The ships remained with the settlers for two months, their crews helping construct several small buildings surrounded by a double palisade. On August 24, 1828, the birthday of King William I of the Netherlands, the Dutch flag was hoisted and the Netherlands claimed all of western Papua, which they called Nieuw Guinea
Several local native chieftains proclaimed their loyalty to the Netherlands. The post was named Fort Du Bus for the then-Governor General of the Dutch East Indies, Leonard du Bus de Gisignies.

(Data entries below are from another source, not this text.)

(* Let $(t_n)_{n\ge1}$ be $\mathbb N$-valued random variables on a probability space, adapted to a filtration $(\mathcal F_n)_{n\ge0}$ (i.e. $t_n$ is $\mathcal F_n$-measurable), and let $p\colon\mathbb N\to[0,1]$ be such that $\mathbb P[t_n=T\mid\mathcal F_{n-1}]\le p(T)$ for all $n,T$, and $R:=\sum_{T=1}^\infty Tp(T)<\infty$. Then $\limsup_{n\to\infty}\frac1n\sum_{k=1}^nt_k\le R$ almost surely. *)

theory Defs
  imports "HOL-Probability.Probability"
begin

end

theory Submission
  imports Defs
begin

text \<open>
  Replace \<open>t\<^sub>k\<close> by its truncation \<open>s\<^sub>k = t\<^sub>k \<cdot> [t\<^sub>k \<le> k]\<close>. Since
  \<open>\<Sum>\<^sub>k P[t\<^sub>k > k] \<le> \<Sum>\<^sub>T T p(T) = R\<close>, Borel--Cantelli shows that almost surely only finitely
  many terms change. Each \<open>s\<^sub>k\<close> is its compensator \<open>E[s\<^sub>k | F\<^sub>k\<^sub>-\<^sub>1] \<le> R\<close> plus a martingale
  difference; these differences are orthogonal with second moments at most
  \<open>V(k) = \<Sum>\<^sub>T\<^sub>\<le>\<^sub>k T\<^sup>2 p(T)\<close>. Along the geometric times \<open>n\<^sub>j = \<lfloor>a\<^sup>j\<rfloor>\<close> one has
  \<open>\<Sum>\<^sub>j V(n\<^sub>j)/n\<^sub>j < \<infinity>\<close>, so Chebyshev and Borel--Cantelli make the martingale part
  eventually smaller than \<open>\<epsilon> n\<^sub>j\<close>; since \<open>s\<^sub>k \<ge> 0\<close>, monotonicity of the partial sums
  interpolates between these times at the cost of a factor \<open>a\<close>. Let \<open>a \<rightarrow> 1\<close> and \<open>\<epsilon> \<rightarrow> 0\<close>.
\<close>

definition floor_pow :: "real \<Rightarrow> nat \<Rightarrow> nat" where
  "floor_pow a j = nat \<lfloor>a ^ j\<rfloor>"

lemma le_floor_pow_iff: "0 \<le> a \<Longrightarrow> n \<le> floor_pow a j \<longleftrightarrow> real n \<le> a ^ j"
  unfolding floor_pow_def by (simp add: le_nat_iff le_floor_iff)

lemma floor_pow_le: "0 \<le> a \<Longrightarrow> real (floor_pow a j) \<le> a ^ j"
  using le_floor_pow_iff by blast

lemma floor_pow_ge_1: "1 \<le> a \<Longrightarrow> 1 \<le> floor_pow a j"
  by (simp add: le_floor_pow_iff one_le_power)

lemma power_le_2_floor_pow:
  assumes "1 \<le> a" shows "a ^ j \<le> 2 * real (floor_pow a j)"
proof -
  have "1 \<le> \<lfloor>a ^ j\<rfloor>" using assms by (simp add: one_le_power le_floor_iff)
  then show ?thesis unfolding floor_pow_def by linarith
qed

The settlement carried on a brisk trade with the coastal Asmat people and the Papuans of the interior, as well as Ceramese traders who arrived in roofed-over, 15 to 30 ft long prahus. The Dutch bartered for massoia bark, aromatic woods, nutmeg, trepang, birds of paradise, and edible bird's nests. The inhabitants of the settlement were afflicted by diseases, primarily malaria, and the outpost was raided by natives from Ceram and Goram. Within 18 months of the founding of the fort, 24 men had died, and from a combined surviving total of 110 settlers and garrison, 83 were ill. In 1835 the surviving settlers were withdrawn, and the fort abandoned.

Dutch colonial officials continued to visit Triton Bay on a sporadic basis. In 1839 the French explorer Jules Dumont d'Urville visited the site and found an avenue of coconut palms, a lemon grove, and a few remains of buildings.